▸ TASK BRIEF: Your answer should be a single number: how many lines in the data below hold the string "beta".

▸ EXERCISE INPUTS:
(* There exist $N_0\in\mathbb{N}$ and $C>0$ such that \[\frac{R^2}{w(B(x,R))}\pi(B(x,R))\le C\Big(\frac{R}{\rho_w(x,\mu)}\Big)^{N_0}\] for all $x\in\mathbb{R}^d$ and all $R\ge\rho_w(x,\mu)$.
   Context: Setting: $d\ge3$; $w\in A_2$ is a weight on $\mathbb{R}^d$, $w(E)=\int_Ew\,dx$, and there exist $\beta>2$, $C>0$ with $w(B(x,tr))\ge Ct^\beta w(B(x,r))$ for all $x$, $r>0$, $t>1$. $\mu$ is a positive Radon measure, $d\pi=w\,d\mu$, with constants $C_0,\delta,C_1>0$ such that (M1) $\frac{r^2}{w(B(x,r))}\pi(B(x,r))\le C_0 (r/R)^\delta \frac{R^2}{w(B(x,R))}\pi(B(x,R))$ for all $x$, $0<r<R$; (M2) $\pi(B(x,2r))\le C_1(\pi(B(x,r))+w(B(x,r))/r^2)$ for all $x$, $r>0$. The critical function is $\rho_w(x,\mu)=\sup\{r>0:\frac{r^2}{w(B(x,r))}\pi(B(x,r))\le C_1\}$. *)

theory Defs
  imports "HOL-Analysis.Analysis"
begin

definition wmeas :: "('a::euclidean_space \<Rightarrow> real) \<Rightarrow> 'a set \<Rightarrow> real" where
  "wmeas w E = (LINT y:E|lborel. w y)"

definition A2_weight :: "('a::euclidean_space \<Rightarrow> real) \<Rightarrow> bool" where
  "A2_weight w \<longleftrightarrow>
     w \<in> borel_measurable borel \<and> (\<forall>x. 0 \<le> w x) \<and> (AE x in lborel. 0 < w x) \<and>
     (\<forall>x r. set_integrable lborel (ball x r) w \<and>
            set_integrable lborel (ball x r) (\<lambda>y. 1 / w y)) \<and>
     (\<exists>K. \<forall>x r. 0 < r \<longrightarrow>
        (1 / measure lborel (ball x r) * (LINT y:ball x r|lborel. w y)) *
        (1 / measure lborel (ball x r) * (LINT y:ball x r|lborel. 1 / w y)) \<le> K)"

definition radon_measure :: "'a::euclidean_space measure \<Rightarrow> bool" where
  "radon_measure \<mu> \<longleftrightarrow> sets \<mu> = sets borel \<and> (\<forall>K. compact K \<longrightarrow> emeasure \<mu> K < \<infinity>)"

definition pimeas :: "('a::euclidean_space \<Rightarrow> real) \<Rightarrow> 'a measure \<Rightarrow> 'a set \<Rightarrow> ennreal" where
  "pimeas w \<mu> E = (\<integral>\<^sup>+ y\<in>E. ennreal (w y) \<partial>\<mu>)"

definition Qfun :: "('a::euclidean_space \<Rightarrow> real) \<Rightarrow> 'a measure \<Rightarrow> 'a \<Rightarrow> real \<Rightarrow> ennreal" where
  "Qfun w \<mu> x r = ennreal (r^2 / wmeas w (ball x r)) * pimeas w \<mu> (ball x r)"

definition rho_w :: "real \<Rightarrow> ('a::euclidean_space \<Rightarrow> real) \<Rightarrow> 'a measure \<Rightarrow> 'a \<Rightarrow> ereal" where
  "rho_w C1 w \<mu> x = Sup {ereal r | r. 0 < r \<and> Qfun w \<mu> x r \<le> ennreal C1}"

end

theory Submission
  imports Defs
begin

text \<open>Write \<open>Q(r)\<close> for
  \<open>Qfun w \<mu> x r\<close>. If \<open>s \<le> R \<le> 2s\<close>, then (M2) and the monotonicity of \<open>w(B(x,\<cdot>))\<close> give
  \<open>Q(R) + 1 \<le> A (Q(s) + 1)\<close> with \<open>A = 4 C\<^sub>1 + 1\<close>, hence \<open>Q(R) + 1 \<le> A\<^sup>n (Q(r) + 1)\<close> whenever
  \<open>r \<le> R \<le> 2\<^sup>n r\<close>. Take \<open>r\<close> in \<open>(\<rho>/2, \<rho>]\<close> with \<open>Q(r) \<le> C\<^sub>1\<close>, where \<open>\<rho> = \<rho>\<^sub>w(x,\<mu>)\<close>; the least
  such \<open>n\<close> has \<open>2\<^sup>n \<le> 4R/\<rho>\<close>, so choosing \<open>N\<close> with \<open>A \<le> 2\<^sup>N\<close> gives \<open>A\<^sup>n \<le> (4R/\<rho>)\<^sup>N\<close>.\<close>

lemma wmeas_ball_pos:
  fixes w :: "'a::euclidean_space \<Rightarrow> real"
  assumes A2: "A2_weight w" and r: "0 < r"
  shows "0 < wmeas w (ball x r)"
proof -
  have nn: "\<And>x. 0 \<le> w x" and ae: "AE x in lborel. 0 < w x"
    and int: "set_integrable lborel (ball x r) w"
    using A2 unfolding A2_weight_def by auto
  have int': "integrable lborel (\<lambda>y. indicator (ball x r) y * w y)"
    using int unfolding set_integrable_def by simp
  have ge: "0 \<le> wmeas w (ball x r)"
    unfolding wmeas_def set_lebesgue_integral_def using nn by (auto intro!: integral_nonneg_AE)
  show ?thesis
  proof (rule ccontr)
    assume "\<not> ?thesis"
    then have "integral\<^sup>L lborel (\<lambda>y. indicator (ball x r) y * w y) = 0"
      using ge unfolding wmeas_def set_lebesgue_integral_def by simp
    then have "AE y in lborel. indicator (ball x r) y * w y = 0"
      using integral_nonneg_eq_0_iff_AE[OF int'] nn by simp
    with ae have "AE y in lborel. y \<notin> ball x r"
      by eventually_elim (auto simp: indicator_def)
    then have "emeasure lborel (ball x r) = 0"
      by (subst (asm) AE_iff_measurable[of "ball x r"]) auto
    moreover have "measure lborel (ball x r) > 0"
      using content_ball_pos r by blast
    ultimately show False
      by (simp add: measure_def)
  qed
qed

lemma wmeas_ball_mono:
  fixes w :: "'a::euclidean_space \<Rightarrow> real"
  assumes A2: "A2_weight w" and "r \<le> R"
  shows "wmeas w (ball x r) \<le> wmeas w (ball x R)"
proof -
  have nn: "\<And>x. 0 \<le> w x"
    and int: "set_integrable lborel (ball x r) w" "set_integrable lborel (ball x R) w"
    using A2 unfolding A2_weight_def by auto
  show ?thesis
    unfolding wmeas_def set_lebesgue_integral_def
    using int nn \<open>r \<le> R\<close> unfolding set_integrable_def
    by (intro integral_mono) (auto simp: indicator_def)
qed

lemma Qfun_doubling_step:
  fixes w :: "'a::euclidean_space \<Rightarrow> real" and \<mu> :: "'a measure"
  assumes A2: "A2_weight w" and C1: "0 \<le> C1"
    and M2: "pimeas w \<mu> (ball x (2 * s)) \<le>
          ennreal C1 * (pimeas w \<mu> (ball x s) + ennreal (wmeas w (ball x s) / s^2))"
    and s: "0 < s" "s \<le> R" "R \<le> 2 * s"
  shows "Qfun w \<mu> x R + 1 \<le> ennreal (4 * C1 + 1) * (Qfun w \<mu> x s + 1)"
proof -
  define ws where "ws = wmeas w (ball x s)"
  define a where "a = s^2 / ws"
  have ws: "0 < ws"
    unfolding ws_def using wmeas_ball_pos[OF A2 s(1)] .
  have a: "0 < a"
    unfolding a_def using ws s by simp
  have "R^2 \<le> (2 * s)^2"
    using s by (intro power_mono) auto
  then have "R^2 / wmeas w (ball x R) \<le> (4 * s^2) / ws"
    using ws wmeas_ball_mono[OF A2 s(2), of x] unfolding ws_def
    by (intro frac_le) (auto simp: power_mult_distrib)
  then have "R^2 / wmeas w (ball x R) \<le> 4 * a"
    unfolding a_def by simp
  moreover have "pimeas w \<mu> (ball x R) \<le> pimeas w \<mu> (ball x (2 * s))"
    unfolding pimeas_def using s by (intro nn_set_integral_set_mono) auto
  ultimately have "Qfun w \<mu> x R \<le> ennreal (4 * a) * pimeas w \<mu> (ball x (2 * s))"
    unfolding Qfun_def by (intro mult_mono ennreal_leI) auto
  also have "\<dots> \<le> ennreal (4 * a) * (ennreal C1 * (pimeas w \<mu> (ball x s) + ennreal (1 / a)))"
    using M2 unfolding a_def ws_def by (intro mult_left_mono) auto
  also have "\<dots> = ennreal (4 * C1) * (ennreal a * pimeas w \<mu> (ball x s) + ennreal a * ennreal (1 / a))"
    using a C1 by (simp add: ennreal_mult distrib_left mult_ac)
  also have "ennreal a * ennreal (1 / a) = 1"
    using a by (simp add: ennreal_mult[symmetric])
  also have "ennreal a * pimeas w \<mu> (ball x s) = Qfun w \<mu> x s"
    unfolding Qfun_def a_def ws_def ..
  finally have "Qfun w \<mu> x R + 1 \<le> ennreal (4 * C1) * (Qfun w \<mu> x s + 1) + (Qfun w \<mu> x s + 1)"
    by (intro add_mono) auto
  also have "\<dots> = ennreal (4 * C1 + 1) * (Qfun w \<mu> x s + 1)"
    using C1 by (simp add: ennreal_plus distrib_right)
  finally show ?thesis .
qed

lemma Qfun_growth_bound:
  fixes w :: "'a::euclidean_space \<Rightarrow> real" and \<mu> :: "'a measure"
  assumes A2: "A2_weight w" and C1: "0 \<le> C1"
    and M2: "\<And>x r. r > 0 \<Longrightarrow>
        pimeas w \<mu> (ball x (2 * r)) \<le>
          ennreal C1 * (pimeas w \<mu> (ball x r) + ennreal (wmeas w (ball x r) / r^2))"
    and r: "0 < r" "r \<le> R" "R \<le> 2^n * r"
  shows "Qfun w \<mu> x R + 1 \<le> ennreal ((4 * C1 + 1)^n) * (Qfun w \<mu> x r + 1)"
  using r(2,3)
proof (induction n arbitrary: R)
  case 0
  then show ?case by simp
next
  case (Suc n)
  define A where "A = 4 * C1 + 1"
  have A: "1 \<le> A"
    unfolding A_def using C1 by simp
  have step: "Qfun w \<mu> x R + 1 \<le> ennreal A * (Qfun w \<mu> x s + 1)"
    if "0 < s" "s \<le> R" "R \<le> 2 * s" for s
    unfolding A_def using Qfun_doubling_step[OF A2 C1 M2 that] that(1) .
  consider "R \<le> 2 * r" | "2 * r < R" by linarith
  then show ?case
  proof cases
    case 1
    have "Qfun w \<mu> x R + 1 \<le> ennreal A * (Qfun w \<mu> x r + 1)"
      using step[of r] r(1) Suc.prems(1) 1 .
    also have "\<dots> \<le> ennreal (A ^ Suc n) * (Qfun w \<mu> x r + 1)"
      using A by (intro mult_right_mono ennreal_leI) (auto intro: order_trans[OF _ power_increasing[of 1]])
    finally show ?thesis unfolding A_def .
  next
    case 2
    have "Qfun w \<mu> x R + 1 \<le> ennreal A * (Qfun w \<mu> x (R / 2) + 1)"
      using step[of "R / 2"] 2 r(1) by simp
    also have "\<dots> \<le> ennreal A * (ennreal (A ^ n) * (Qfun w \<mu> x r + 1))"
      using Suc.IH[of "R / 2"] Suc.prems(2) 2 unfolding A_def by (intro mult_left_mono) auto
    also have "\<dots> = ennreal (A ^ Suc n) * (Qfun w \<mu> x r + 1)"
      using A by (simp add: ennreal_mult mult.assoc)
    finally show ?thesis unfolding A_def .
  qed
qed

lemma rho_w_approx_below:
  assumes "rho_w C1 w \<mu> x = ereal p" and "q < p"
  obtains r where "q < r" "r \<le> p" "0 < r" "Qfun w \<mu> x r \<le> ennreal C1"
proof -
  let ?S = "{ereal r | r. 0 < r \<and> Qfun w \<mu> x r \<le> ennreal C1}"
  have "ereal q < Sup ?S"
    using assms unfolding rho_w_def by simp
  then obtain r where r: "0 < r" "Qfun w \<mu> x r \<le> ennreal C1" "q < r"
    by (auto simp: less_Sup_iff)
  then have "ereal r \<le> Sup ?S"
    by (intro Sup_upper) auto
  then show ?thesis
    using that r assms(1) unfolding rho_w_def by simp
qed

lemma least_power_of_two_above:
  fixes t :: real
  assumes "1 \<le> t"
  obtains n :: nat where "t \<le> 2^n" "2^n \<le> 2 * t"
proof -
  obtain m :: nat where "t < 2^m"
    using real_arch_pow[of 2 t] by auto
  define n where "n = (LEAST n::nat. t \<le> 2^n)"
  have "t \<le> 2^n"
    unfolding n_def by (rule LeastI[of _ m]) (use \<open>t < 2^m\<close> in simp)
  moreover have "2^n \<le> 2 * t"
  proof (cases n)
    case 0
    then show ?thesis using assms by simp
  next
    case (Suc k)
    then have "\<not> t \<le> 2^k"
      unfolding n_def by (intro not_less_Least) simp
    then show ?thesis
      using Suc by simp
  qed
  ultimately show ?thesis
    using that by blast
qed

lemma Qfun_le_power_ratio_rho_w:
  fixes w :: "'a::euclidean_space \<Rightarrow> real" and \<mu> :: "'a measure"
  assumes A2: "A2_weight w" and C1: "0 \<le> C1"
    and M2: "\<And>x r. r > 0 \<Longrightarrow>
        pimeas w \<mu> (ball x (2 * r)) \<le>
          ennreal C1 * (pimeas w \<mu> (ball x r) + ennreal (wmeas w (ball x r) / r^2))"
    and N: "4 * C1 + 1 \<le> 2 ^ N"
    and rho: "rho_w C1 w \<mu> x = ereal p" and p: "0 < p" "p \<le> R"
  shows "Qfun w \<mu> x R \<le> ennreal ((C1 + 1) * 4 ^ N * (R / p) ^ N)"
proof -
  obtain r where r: "p / 2 < r" "r \<le> p" "0 < r" "Qfun w \<mu> x r \<le> ennreal C1"
    using rho_w_approx_below[OF rho, of "p / 2"] p by auto
  obtain n where n: "R / r \<le> 2^n" "2^n \<le> 2 * (R / r)"
    using least_power_of_two_above[of "R / r"] r p by auto
  have "R / r \<le> R / (p / 2)"
    using r p by (intro divide_left_mono) auto
  with n have n_bound: "2^n \<le> 4 * (R / p)"
    by simp
  have "(4 * C1 + 1)^n \<le> ((2::real)^N)^n"
    using N C1 by (intro power_mono) auto
  also have "\<dots> = (2^n)^N"
    by (simp add: power_mult[symmetric] mult.commute)
  also have "\<dots> \<le> (4 * (R / p))^N"
    using n_bound by (intro power_mono) auto
  finally have "(4 * C1 + 1)^n * (C1 + 1) \<le> (4 * (R / p))^N * (C1 + 1)"
    using C1 by (intro mult_right_mono) auto
  also have "\<dots> = (C1 + 1) * 4 ^ N * (R / p) ^ N"
    by (simp only: power_mult_distrib mult_ac)
  finally have real_bound: "(4 * C1 + 1)^n * (C1 + 1) \<le> (C1 + 1) * 4 ^ N * (R / p) ^ N" .
  have "Qfun w \<mu> x R \<le> Qfun w \<mu> x R + 1"
    by simp
  also have "\<dots> \<le> ennreal ((4 * C1 + 1)^n) * (Qfun w \<mu> x r + 1)"
    using Qfun_growth_bound[OF A2 C1 M2 r(3), of R n] r p n by (simp add: field_simps)
  also have "\<dots> \<le> ennreal ((4 * C1 + 1)^n) * ennreal (C1 + 1)"
    using r(4) C1 by (intro mult_left_mono) (auto simp: ennreal_plus[symmetric])
  also have "\<dots> = ennreal ((4 * C1 + 1)^n * (C1 + 1))"
    using C1 by (simp add: ennreal_mult)
  also have "\<dots> \<le> ennreal ((C1 + 1) * 4 ^ N * (R / p) ^ N)"
    using real_bound by (rule ennreal_leI)
  finally show ?thesis .
qed

theorem lemma2p2:
  fixes w :: "'a::euclidean_space \<Rightarrow> real" and \<mu> :: "'a measure"
    and \<beta> Cw C0 \<delta> C1 :: real
  assumes dim: "DIM('a) \<ge> 3"
    and A2: "A2_weight w"
    and beta: "\<beta> > 2" and Cw: "Cw > 0"
    and revdbl: "\<And>x r t. r > 0 \<Longrightarrow> t > 1 \<Longrightarrow>
        wmeas w (ball x (t * r)) \<ge> Cw * t powr \<beta> * wmeas w (ball x r)"
    and radon: "radon_measure \<mu>"
    and cpos: "C0 > 0" "\<delta> > 0" "C1 > 0"
    and M1: "\<And>x r R. 0 < r \<Longrightarrow> r < R \<Longrightarrow>
        Qfun w \<mu> x r \<le> ennreal (C0 * (r / R) powr \<delta>) * Qfun w \<mu> x R"
    and M2: "\<And>x r. r > 0 \<Longrightarrow>
        pimeas w \<mu> (ball x (2 * r)) \<le>
          ennreal C1 * (pimeas w \<mu> (ball x r) + ennreal (wmeas w (ball x r) / r^2))"
  shows "\<exists>N0::nat. \<exists>C>0. \<forall>x R. 0 < rho_w C1 w \<mu> x \<and> rho_w C1 w \<mu> x \<le> ereal R \<longrightarrow>
           Qfun w \<mu> x R \<le> ennreal (C * (R / real_of_ereal (rho_w C1 w \<mu> x)) ^ N0)"
proof -
  obtain N0 :: nat where N0: "4 * C1 + 1 < 2 ^ N0"
    using real_arch_pow[of 2 "4 * C1 + 1"] by auto
  show ?thesis
  proof (intro exI[of _ N0] exI[of _ "(C1 + 1) * 4 ^ N0"] conjI allI impI)
    show "(C1 + 1) * 4 ^ N0 > 0"
      using cpos by simp
    fix x R
    assume "0 < rho_w C1 w \<mu> x \<and> rho_w C1 w \<mu> x \<le> ereal R"
    then obtain p where rho: "rho_w C1 w \<mu> x = ereal p" and "0 < p" "p \<le> R"
      by (cases "rho_w C1 w \<mu> x") auto
    then show "Qfun w \<mu> x R \<le> ennreal ((C1 + 1) * 4 ^ N0 * (R / real_of_ereal (rho_w C1 w \<mu> x)) ^ N0)"
      using Qfun_le_power_ratio_rho_w[OF A2 _ M2 _ rho] N0 cpos(3) by simp
  qed
qed

end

▸ FINISHED EXERCISE: 4